▶ WHAT TO WORK ON:
Determine how many lines in the records below contain "auto", then state that number alone.

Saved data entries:
theorem ex_ufa_meets_in_at_most_one:
  assumes "finite V" "v \<in> V" "\<C> \<subseteq> Pow V" "\<D> \<subseteq> Pow V" "{v} \<in> \<C>" "{v} \<in> \<D>"
    and meet: "meets_in_at_most_one \<C> \<D>"
  shows "\<exists>(Q :: nat set) (\<Sigma> :: nat set) \<delta> I F.
           ufa Q \<Sigma> \<delta> I F \<and> card Q = card V \<and>
           card (forward_det_states \<Sigma> \<delta> I) \<ge> card \<C> \<and>
           card (backward_det_states \<Sigma> \<delta> F) \<ge> card \<D>"
proof -
  obtain f where f: "bij_betw f V {0..<card V}"
    using ex_bij_betw_finite_nat \<open>finite V\<close> by metis
  then have inj: "inj_on f V" and image: "f ` V = {0..<card V}"
    by (auto simp: bij_betw_def)
  define \<C>' where "\<C>' = (`) f ` \<C>"
  define \<D>' where "\<D>' = (`) f ` \<D>"
  have families: "\<C>' \<subseteq> Pow {0..<card V}" "\<D>' \<subseteq> Pow {0..<card V}"
    unfolding \<C>'_def \<D>'_def image[symmetric] using assms(3,4) by (auto intro!: image_mono)
  define \<Sigma> where "\<Sigma> = {0..<card (\<C>' \<times> \<D>')}"
  have "finite (\<C>' \<times> \<D>')"
    using families by (auto intro: finite_subset)
  then obtain letter :: "nat \<Rightarrow> nat set \<times> nat set" where letters: "letter ` \<Sigma> = \<C>' \<times> \<D>'"
    unfolding \<Sigma>_def using ex_bij_betw_nat_finite bij_betw_imp_surj_on by metis
  have "f v \<in> {0..<card V}" "{f v} \<in> \<C>'" "{f v} \<in> \<D>'"
    using image assms(2,5,6) by (auto simp: \<C>'_def \<D>'_def image_iff intro!: bexI[of _ "{v}"])
  moreover have "meets_in_at_most_one \<C>' \<D>'"
    unfolding \<C>'_def \<D>'_def using meets_in_at_most_one_image[OF meet inj assms(3,4)] .
  ultimately have "ufa {0..<card V} \<Sigma> (pair_delta \<Sigma> letter) {f v} {f v}"
    and "card \<C>' \<le> card (forward_det_states \<Sigma> (pair_delta \<Sigma> letter) {f v})"
    and "card \<D>' \<le> card (backward_det_states \<Sigma> (pair_delta \<Sigma> letter) {f v})"
    using ufa_pair_delta[OF finite_atLeastLessThan _ families _ _ _ _ letters]
    by (simp_all add: \<Sigma>_def)
  moreover have "card \<C>' = card \<C>" "card \<D>' = card \<D>"
    unfolding \<C>'_def \<D>'_def using inj_on_subset[OF inj_on_image_Pow[OF inj]] assms(3,4)
    by (auto intro: card_image)
  ultimately show ?thesis
    by (intro exI[of _ "{0..<card V}"] exI[of _ \<Sigma>] exI[of _ "pair_delta \<Sigma> letter"]
        exI[of _ "{f v}"]) simp
qed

▶ ANSWER BELOW:
5